_SOURCE RECORDS_
lemma saddle_operator_inj:
  assumes Y: "Y \<in> carrier_mat l n" and zero: "saddle_operator Y = 0\<^sub>m l n"
  shows "Y = 0\<^sub>m l n"
proof -
  define Z where "Z = Y * Wt"
  have Z: "Z \<in> carrier_mat l n" "Z * B \<in> carrier_mat l n" unfolding Z_def using Y Wt B by simp_all
  have L1ZB: "L1 (Z * B) \<in> carrier_mat l n" and L2Z: "L2 Z \<in> carrier_mat l n"
    using mat_linearD(1)[OF L1_linear Z(2)] mat_linearD(1)[OF L2_linear Z(1)] .
  have EZBM: "E * (Z * B) * M \<in> carrier_mat Lh nh" and REZ: "RE * Z \<in> carrier_mat Lm n"
    using E M RE Z by simp_all
  have term1: "frob_inner (L1 (Z * B) * transpose_mat B) Z = frob_inner (E * (Z * B) * M) (E * (Z * B) * M)"
    using frob_inner_mult_right[of "transpose_mat B" n n "L1 (Z * B)" l Z] B L1ZB Z
      frob_inner_commute[OF L1ZB Z(2)] frob_inner_L1[OF Z(2)] by simp
  have term2: "frob_inner (L2 Z) Z = lambda * frob_inner (RE * Z) (RE * Z)"
    using frob_inner_commute[OF L2Z Z(1)] frob_inner_L2[OF Z(1)] by simp
  have term3: "frob_inner (rho \<cdot>\<^sub>m (Y - Z)) Z = rho * (frob_inner Y Z - frob_inner Z Z)"
    using Y Z by (simp add: frob_inner_smult_left[of _ l n] frob_inner_diff_left[of _ l n] minus_carrier_mat)
  have "frob_inner (saddle_operator Y) Z = frob_inner (E * (Z * B) * M) (E * (Z * B) * M)
      + lambda * frob_inner (RE * Z) (RE * Z) + rho * (frob_inner Y Z - frob_inner Z Z)"
    unfolding saddle_operator_def Z_def[symmetric] term1[symmetric] term2[symmetric] term3[symmetric]
    using L1ZB L2Z Y Z B
    by (simp add: frob_inner_add_left[of _ l n] minus_carrier_mat)
  moreover have "frob_inner (saddle_operator Y) Z = 0" using zero Z by (simp add: frob_inner_zero_left)
  moreover have "frob_inner Z Z \<le> frob_inner Y Z" using Wt_firmly_nonexpansive[OF Y] unfolding Z_def .
  ultimately have "frob_inner (E * (Z * B) * M) (E * (Z * B) * M) = 0" "frob_inner (RE * Z) (RE * Z) = 0"
    using frob_inner_self_nonneg[of "E * (Z * B) * M"] frob_inner_self_nonneg[of "RE * Z"] rho lambda
    by (smt (verit) mult_nonneg_nonneg mult_pos_pos)+
  then have "E * (Z * B) * M = 0\<^sub>m Lh nh" "RE * Z = 0\<^sub>m Lm n"
    using frob_inner_self_eq_0_iff[OF EZBM] frob_inner_self_eq_0_iff[OF REZ] by simp_all
  then have "L1 (Z * B) = 0\<^sub>m l n" "L2 Z = 0\<^sub>m l n"
    unfolding L1_def L2_def using E M RE by (auto intro!: eq_matI)
  then have "saddle_operator Y = 0\<^sub>m l n * transpose_mat B + 0\<^sub>m l n + rho \<cdot>\<^sub>m (Y - Z)"
    unfolding saddle_operator_def Z_def[symmetric] by (simp only:)
  also have "\<dots> = rho \<cdot>\<^sub>m (Y - Z)" using B Y Z by (intro eq_matI) (simp_all add: minus_carrier_mat)
  finally have diff0: "rho \<cdot>\<^sub>m (Y - Z) = 0\<^sub>m l n" using zero by simp
  have "Z = Y"
  proof (rule eq_matI)
    fix i j assume ij: "i < dim_row Y" "j < dim_col Y"
    then have "rho * (Y $$ (i,j) - Z $$ (i,j)) = 0"
      using arg_cong[OF diff0, of "\<lambda>A. A $$ (i,j)"] Y Z by simp
    then show "Z $$ (i,j) = Y $$ (i,j)" using rho by simp
  qed (use Y Z in auto)
  then show ?thesis unfolding Z_def by (rule Wt_fixed_point[OF Y])
qed

lemma block_saddle_point_exists:
  obtains x d1 d2 d3 where "x \<in> carrier_mat l n" "R1 (x * B) d1" "R2 x d2" "R3 x d3"
    "d1 * transpose_mat B + d2 + d3 = 0\<^sub>m l n"
proof -
  define c1 where "c1 = transpose_mat E * Yh * transpose_mat M"
  define c2 where "c2 = lambda \<cdot>\<^sub>m (transpose_mat RE * Ym)"
  have c: "c1 \<in> carrier_mat l n" "c2 \<in> carrier_mat l n"
    unfolding c1_def c2_def using E Yh M RE Ym by simp_all
  have Bt: "transpose_mat B \<in> carrier_mat n n" using B by simp
  have "c1 * transpose_mat B + c2 \<in> carrier_mat l n" using c Bt by simp
  from mat_linear_inj_imp_surj[OF saddle_operator_linear saddle_operator_inj this]
  obtain Y where Y: "Y \<in> carrier_mat l n" and Y_eq: "saddle_operator Y = c1 * transpose_mat B + c2" .
  define x where "x = Y * Wt"
  have x: "x \<in> carrier_mat l n" "x * B \<in> carrier_mat l n" unfolding x_def using Y Wt B by simp_all
  have L: "L1 (x * B) \<in> carrier_mat l n" "L2 x \<in> carrier_mat l n"
    using mat_linearD(1)[OF L1_linear x(2)] mat_linearD(1)[OF L2_linear x(1)] .
  define d1 where "d1 = (1 / rho) \<cdot>\<^sub>m (c1 - L1 (x * B))"
  define d2 where "d2 = (1 / rho) \<cdot>\<^sub>m (c2 - L2 x)"
  define d3 where "d3 = x - Y"
  have d: "d1 \<in> carrier_mat l n" "d2 \<in> carrier_mat l n" "d3 \<in> carrier_mat l n"
    unfolding d1_def d2_def d3_def using L Y by (simp_all add: minus_carrier_mat)
  have "L1 (x * B) + rho \<cdot>\<^sub>m d1 = c1"
    unfolding d1_def using L c rho by (intro eq_matI) simp_all
  then have R1: "R1 (x * B) d1" unfolding R1_def c1_def[symmetric] using x d by blast
  have "L2 x + rho \<cdot>\<^sub>m d2 = c2"
    unfolding d2_def using L c rho by (intro eq_matI) simp_all
  then have R2: "R2 x d2" unfolding R2_def c2_def[symmetric] using x d by blast
  have "x - d3 = Y" unfolding d3_def using x Y by (intro eq_matI) auto
  then have "x = (x - d3) * Wt" unfolding x_def by simp
  then have R3: "R3 x d3" unfolding R3_def using x d by blast
  have d1B: "d1 * transpose_mat B = (1 / rho) \<cdot>\<^sub>m (c1 * transpose_mat B - L1 (x * B) * transpose_mat B)"
    unfolding d1_def using c L Bt
    by (simp add: mult_smult_assoc_mat[of _ l n] minus_mult_distrib_mat[of _ l n] minus_carrier_mat)
  have saddle_eq: "L1 (x * B) * transpose_mat B + L2 x + rho \<cdot>\<^sub>m (Y - x) = c1 * transpose_mat B + c2"
    using Y_eq unfolding saddle_operator_def x_def .
  have "d1 * transpose_mat B + d2 + d3 = 0\<^sub>m l n"
  proof (rule eq_matI)
    fix i j assume "i < dim_row (0\<^sub>m l n)" "j < dim_col (0\<^sub>m l n)"
    then have ij: "i < l" "j < n" by simp_all
    have "(L1 (x * B) * transpose_mat B) $$ (i,j) + L2 x $$ (i,j) + rho * (Y $$ (i,j) - x $$ (i,j))
        = (c1 * transpose_mat B) $$ (i,j) + c2 $$ (i,j)"
      using arg_cong[OF saddle_eq, of "\<lambda>A. A $$ (i,j)"] ij L c Bt Y x by simp
    then have key: "((c1 * transpose_mat B) $$ (i,j) - (L1 (x * B) * transpose_mat B) $$ (i,j))
        + (c2 $$ (i,j) - L2 x $$ (i,j)) + rho * (x $$ (i,j) - Y $$ (i,j)) = 0"
      unfolding right_diff_distrib by linarith
    have "(1 / rho) * ((c1 * transpose_mat B) $$ (i,j) - (L1 (x * B) * transpose_mat B) $$ (i,j))
        + (1 / rho) * (c2 $$ (i,j) - L2 x $$ (i,j)) + (x $$ (i,j) - Y $$ (i,j))
      = (1 / rho) * (((c1 * transpose_mat B) $$ (i,j) - (L1 (x * B) * transpose_mat B) $$ (i,j))
        + (c2 $$ (i,j) - L2 x $$ (i,j)) + rho * (x $$ (i,j) - Y $$ (i,j)))"
      using rho by (simp add: field_simps)
    then have "(1 / rho) * ((c1 * transpose_mat B) $$ (i,j) - (L1 (x * B) * transpose_mat B) $$ (i,j))
        + (1 / rho) * (c2 $$ (i,j) - L2 x $$ (i,j)) + (x $$ (i,j) - Y $$ (i,j)) = 0"
      unfolding key by simp
    then show "(d1 * transpose_mat B + d2 + d3) $$ (i,j) = 0\<^sub>m l n $$ (i,j)"
      unfolding d1B d2_def d3_def using ij L c Bt Y x by simp
  qed (use d Bt in simp_all)
  with R1 R2 R3 show ?thesis using that x(1) by blast
qed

_PROBLEM DETAILS_
Only the lines above from the line with "Z] B L1ZB Z" to the line with "using frob_inner_commute[OF L2Z", those two lines included, should be reproduced exactly.

_WRITTEN ANSWER_
    using frob_inner_mult_right[of "transpose_mat B" n n "L1 (Z * B)" l Z] B L1ZB Z
      frob_inner_commute[OF L1ZB Z(2)] frob_inner_L1[OF Z(2)] by simp
  have term2: "frob_inner (L2 Z) Z = lambda * frob_inner (RE * Z) (RE * Z)"
    using frob_inner_commute[OF L2Z Z(1)] frob_inner_L2[OF Z(1)] by simp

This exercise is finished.